[Records provided Boundary: Start]

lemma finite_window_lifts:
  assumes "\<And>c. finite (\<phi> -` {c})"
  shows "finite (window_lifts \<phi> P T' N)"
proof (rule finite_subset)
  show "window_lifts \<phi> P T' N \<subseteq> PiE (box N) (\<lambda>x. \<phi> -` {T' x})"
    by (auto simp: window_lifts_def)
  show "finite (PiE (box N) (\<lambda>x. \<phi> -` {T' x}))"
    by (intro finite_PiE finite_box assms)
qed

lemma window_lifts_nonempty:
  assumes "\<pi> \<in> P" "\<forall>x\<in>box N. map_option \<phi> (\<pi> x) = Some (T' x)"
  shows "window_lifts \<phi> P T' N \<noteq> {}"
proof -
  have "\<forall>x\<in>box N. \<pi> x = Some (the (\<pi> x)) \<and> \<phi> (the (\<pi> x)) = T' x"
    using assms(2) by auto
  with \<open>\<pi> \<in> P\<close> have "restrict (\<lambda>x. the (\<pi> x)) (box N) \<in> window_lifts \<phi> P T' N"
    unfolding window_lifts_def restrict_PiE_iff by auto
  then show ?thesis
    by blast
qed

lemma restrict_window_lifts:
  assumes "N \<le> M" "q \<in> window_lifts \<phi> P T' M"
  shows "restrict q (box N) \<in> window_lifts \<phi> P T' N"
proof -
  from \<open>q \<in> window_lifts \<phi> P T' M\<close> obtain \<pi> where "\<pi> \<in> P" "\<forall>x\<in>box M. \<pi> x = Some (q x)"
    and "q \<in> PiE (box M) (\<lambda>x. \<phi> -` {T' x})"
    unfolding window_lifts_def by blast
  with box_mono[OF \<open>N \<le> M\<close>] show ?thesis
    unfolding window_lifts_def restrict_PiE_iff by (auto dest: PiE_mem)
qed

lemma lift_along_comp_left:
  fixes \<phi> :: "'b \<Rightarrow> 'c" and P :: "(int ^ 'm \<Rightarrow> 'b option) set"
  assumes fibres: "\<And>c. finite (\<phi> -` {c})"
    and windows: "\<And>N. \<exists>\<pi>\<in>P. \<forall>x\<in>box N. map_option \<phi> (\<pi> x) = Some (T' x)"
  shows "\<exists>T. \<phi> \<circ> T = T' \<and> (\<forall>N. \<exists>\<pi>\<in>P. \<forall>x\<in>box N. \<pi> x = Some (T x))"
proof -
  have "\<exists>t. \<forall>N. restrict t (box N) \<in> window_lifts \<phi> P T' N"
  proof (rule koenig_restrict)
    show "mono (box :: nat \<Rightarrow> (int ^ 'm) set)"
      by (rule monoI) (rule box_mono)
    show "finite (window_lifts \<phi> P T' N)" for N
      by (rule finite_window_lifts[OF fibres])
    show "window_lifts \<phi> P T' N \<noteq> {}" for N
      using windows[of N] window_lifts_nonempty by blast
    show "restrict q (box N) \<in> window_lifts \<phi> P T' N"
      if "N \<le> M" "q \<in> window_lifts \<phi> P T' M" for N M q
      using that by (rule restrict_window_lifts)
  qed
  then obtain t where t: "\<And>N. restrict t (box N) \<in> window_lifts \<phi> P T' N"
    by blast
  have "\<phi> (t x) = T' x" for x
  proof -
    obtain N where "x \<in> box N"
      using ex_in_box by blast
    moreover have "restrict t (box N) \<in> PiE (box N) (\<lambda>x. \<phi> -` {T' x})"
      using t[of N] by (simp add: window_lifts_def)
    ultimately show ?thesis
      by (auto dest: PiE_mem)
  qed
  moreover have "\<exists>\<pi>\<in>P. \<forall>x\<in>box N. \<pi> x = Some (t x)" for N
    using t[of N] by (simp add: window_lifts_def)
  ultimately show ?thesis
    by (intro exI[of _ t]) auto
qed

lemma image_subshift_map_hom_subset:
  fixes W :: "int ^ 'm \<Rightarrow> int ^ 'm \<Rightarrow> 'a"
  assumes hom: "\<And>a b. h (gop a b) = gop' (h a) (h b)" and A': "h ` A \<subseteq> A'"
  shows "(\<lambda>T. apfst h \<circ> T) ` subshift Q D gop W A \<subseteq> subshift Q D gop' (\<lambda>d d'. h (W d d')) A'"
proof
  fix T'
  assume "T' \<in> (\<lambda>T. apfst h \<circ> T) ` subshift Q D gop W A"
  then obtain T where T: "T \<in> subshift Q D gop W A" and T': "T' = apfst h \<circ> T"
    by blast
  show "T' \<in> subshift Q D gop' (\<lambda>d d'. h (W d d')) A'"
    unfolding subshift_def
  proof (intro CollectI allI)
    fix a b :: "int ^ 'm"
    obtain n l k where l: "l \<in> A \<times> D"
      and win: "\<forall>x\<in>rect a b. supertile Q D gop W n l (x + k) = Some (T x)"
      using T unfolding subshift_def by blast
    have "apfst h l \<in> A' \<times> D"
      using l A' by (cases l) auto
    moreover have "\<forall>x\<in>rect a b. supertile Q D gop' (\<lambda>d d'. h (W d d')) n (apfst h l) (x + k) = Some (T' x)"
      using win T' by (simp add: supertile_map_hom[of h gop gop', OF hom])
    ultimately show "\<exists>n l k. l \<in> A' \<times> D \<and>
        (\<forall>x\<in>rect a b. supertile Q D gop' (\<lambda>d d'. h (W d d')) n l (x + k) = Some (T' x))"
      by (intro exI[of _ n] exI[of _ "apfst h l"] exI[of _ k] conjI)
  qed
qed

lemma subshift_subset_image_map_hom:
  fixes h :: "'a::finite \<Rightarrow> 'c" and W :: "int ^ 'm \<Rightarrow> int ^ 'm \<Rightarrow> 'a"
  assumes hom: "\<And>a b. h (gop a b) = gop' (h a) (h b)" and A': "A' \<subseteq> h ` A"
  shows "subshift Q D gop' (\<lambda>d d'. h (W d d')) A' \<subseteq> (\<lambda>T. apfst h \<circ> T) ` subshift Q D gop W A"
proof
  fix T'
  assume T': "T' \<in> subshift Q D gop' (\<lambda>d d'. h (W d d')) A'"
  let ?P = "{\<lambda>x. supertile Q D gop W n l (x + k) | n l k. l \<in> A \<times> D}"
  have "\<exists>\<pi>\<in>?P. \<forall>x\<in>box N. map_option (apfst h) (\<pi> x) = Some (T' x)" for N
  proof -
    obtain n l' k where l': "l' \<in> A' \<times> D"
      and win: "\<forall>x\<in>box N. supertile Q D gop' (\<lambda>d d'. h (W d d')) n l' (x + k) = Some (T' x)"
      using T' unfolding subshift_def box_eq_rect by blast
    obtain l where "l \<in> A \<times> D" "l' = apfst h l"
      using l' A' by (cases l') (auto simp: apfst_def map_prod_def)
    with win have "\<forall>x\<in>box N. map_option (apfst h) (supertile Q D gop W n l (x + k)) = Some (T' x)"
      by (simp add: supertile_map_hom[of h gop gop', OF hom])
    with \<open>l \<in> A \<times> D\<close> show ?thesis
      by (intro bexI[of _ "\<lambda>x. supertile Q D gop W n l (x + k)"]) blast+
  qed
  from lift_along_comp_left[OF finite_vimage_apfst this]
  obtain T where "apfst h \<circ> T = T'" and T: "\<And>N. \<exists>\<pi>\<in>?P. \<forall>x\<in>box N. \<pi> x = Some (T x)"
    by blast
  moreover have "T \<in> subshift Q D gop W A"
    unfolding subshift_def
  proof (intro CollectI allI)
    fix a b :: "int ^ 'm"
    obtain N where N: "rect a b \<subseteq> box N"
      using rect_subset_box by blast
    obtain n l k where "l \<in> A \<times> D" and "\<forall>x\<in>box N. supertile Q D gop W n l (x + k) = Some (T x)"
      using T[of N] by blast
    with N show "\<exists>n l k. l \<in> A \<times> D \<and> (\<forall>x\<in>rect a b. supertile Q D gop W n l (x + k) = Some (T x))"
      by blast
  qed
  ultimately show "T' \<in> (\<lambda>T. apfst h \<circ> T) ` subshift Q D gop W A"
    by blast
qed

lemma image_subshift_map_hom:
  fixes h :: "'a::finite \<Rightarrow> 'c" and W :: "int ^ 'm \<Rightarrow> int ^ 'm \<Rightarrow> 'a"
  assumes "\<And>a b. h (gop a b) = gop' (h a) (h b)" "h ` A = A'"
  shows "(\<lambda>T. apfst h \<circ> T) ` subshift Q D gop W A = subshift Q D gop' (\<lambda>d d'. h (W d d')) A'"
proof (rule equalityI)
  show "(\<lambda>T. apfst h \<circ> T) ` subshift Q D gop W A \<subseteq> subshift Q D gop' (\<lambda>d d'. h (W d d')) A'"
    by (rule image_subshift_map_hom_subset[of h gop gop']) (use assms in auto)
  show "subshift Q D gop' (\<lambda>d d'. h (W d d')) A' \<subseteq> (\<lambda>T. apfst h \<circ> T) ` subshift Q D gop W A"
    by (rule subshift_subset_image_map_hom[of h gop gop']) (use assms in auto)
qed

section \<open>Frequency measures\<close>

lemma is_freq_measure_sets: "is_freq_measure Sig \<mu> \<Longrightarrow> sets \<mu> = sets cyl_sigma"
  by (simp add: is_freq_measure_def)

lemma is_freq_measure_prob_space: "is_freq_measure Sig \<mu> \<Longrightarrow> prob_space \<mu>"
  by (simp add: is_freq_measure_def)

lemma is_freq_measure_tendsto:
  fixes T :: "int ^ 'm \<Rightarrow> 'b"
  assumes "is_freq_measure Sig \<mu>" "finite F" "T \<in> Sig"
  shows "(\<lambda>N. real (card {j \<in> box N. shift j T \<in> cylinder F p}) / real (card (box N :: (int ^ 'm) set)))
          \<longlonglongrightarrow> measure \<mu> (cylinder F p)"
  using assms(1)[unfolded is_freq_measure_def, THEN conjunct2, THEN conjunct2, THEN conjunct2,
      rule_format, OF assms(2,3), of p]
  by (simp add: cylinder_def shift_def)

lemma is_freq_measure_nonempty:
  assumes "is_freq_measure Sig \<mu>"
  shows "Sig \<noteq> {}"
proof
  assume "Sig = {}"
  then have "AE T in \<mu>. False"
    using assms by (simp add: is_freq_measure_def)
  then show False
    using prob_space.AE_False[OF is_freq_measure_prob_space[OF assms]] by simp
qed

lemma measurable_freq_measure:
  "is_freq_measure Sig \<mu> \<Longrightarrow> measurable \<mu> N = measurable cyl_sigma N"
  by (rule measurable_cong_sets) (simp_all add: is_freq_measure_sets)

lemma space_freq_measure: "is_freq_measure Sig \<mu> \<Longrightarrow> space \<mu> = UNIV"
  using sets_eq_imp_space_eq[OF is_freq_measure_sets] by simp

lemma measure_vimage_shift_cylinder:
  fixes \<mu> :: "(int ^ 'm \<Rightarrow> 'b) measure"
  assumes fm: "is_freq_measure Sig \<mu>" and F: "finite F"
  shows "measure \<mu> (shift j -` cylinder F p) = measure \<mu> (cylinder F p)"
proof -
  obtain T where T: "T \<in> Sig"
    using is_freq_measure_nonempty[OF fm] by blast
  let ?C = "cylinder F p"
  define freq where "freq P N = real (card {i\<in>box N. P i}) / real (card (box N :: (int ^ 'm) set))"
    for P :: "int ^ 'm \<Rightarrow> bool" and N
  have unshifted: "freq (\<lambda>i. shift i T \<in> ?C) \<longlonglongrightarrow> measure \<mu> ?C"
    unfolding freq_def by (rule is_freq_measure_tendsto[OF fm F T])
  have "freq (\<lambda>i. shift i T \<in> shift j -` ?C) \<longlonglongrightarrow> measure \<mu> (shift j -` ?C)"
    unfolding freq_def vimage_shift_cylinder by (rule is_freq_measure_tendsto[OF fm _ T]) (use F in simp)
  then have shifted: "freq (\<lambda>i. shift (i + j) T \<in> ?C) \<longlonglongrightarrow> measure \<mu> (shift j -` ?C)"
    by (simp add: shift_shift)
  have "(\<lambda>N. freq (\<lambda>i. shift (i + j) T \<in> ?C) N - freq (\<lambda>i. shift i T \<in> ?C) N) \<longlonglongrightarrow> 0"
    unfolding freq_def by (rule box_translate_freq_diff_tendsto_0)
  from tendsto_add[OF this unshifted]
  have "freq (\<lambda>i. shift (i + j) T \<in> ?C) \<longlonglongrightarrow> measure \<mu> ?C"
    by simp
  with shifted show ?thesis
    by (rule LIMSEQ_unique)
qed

[Records provided Boundary: End]

— Task instructions —
Write down again, exactly as given, only the lines above that fall from the line with "using assms by" to the line with "unfolding freq_def vimage_shift_cylinder", inclusive.

— Solved exercise —
    using assms by (simp add: is_freq_measure_def)
  then show False
    using prob_space.AE_False[OF is_freq_measure_prob_space[OF assms]] by simp
qed

lemma measurable_freq_measure:
  "is_freq_measure Sig \<mu> \<Longrightarrow> measurable \<mu> N = measurable cyl_sigma N"
  by (rule measurable_cong_sets) (simp_all add: is_freq_measure_sets)

lemma space_freq_measure: "is_freq_measure Sig \<mu> \<Longrightarrow> space \<mu> = UNIV"
  using sets_eq_imp_space_eq[OF is_freq_measure_sets] by simp

lemma measure_vimage_shift_cylinder:
  fixes \<mu> :: "(int ^ 'm \<Rightarrow> 'b) measure"
  assumes fm: "is_freq_measure Sig \<mu>" and F: "finite F"
  shows "measure \<mu> (shift j -` cylinder F p) = measure \<mu> (cylinder F p)"
proof -
  obtain T where T: "T \<in> Sig"
    using is_freq_measure_nonempty[OF fm] by blast
  let ?C = "cylinder F p"
  define freq where "freq P N = real (card {i\<in>box N. P i}) / real (card (box N :: (int ^ 'm) set))"
    for P :: "int ^ 'm \<Rightarrow> bool" and N
  have unshifted: "freq (\<lambda>i. shift i T \<in> ?C) \<longlonglongrightarrow> measure \<mu> ?C"
    unfolding freq_def by (rule is_freq_measure_tendsto[OF fm F T])
  have "freq (\<lambda>i. shift i T \<in> shift j -` ?C) \<longlonglongrightarrow> measure \<mu> (shift j -` ?C)"
    unfolding freq_def vimage_shift_cylinder by (rule is_freq_measure_tendsto[OF fm _ T]) (use F in simp)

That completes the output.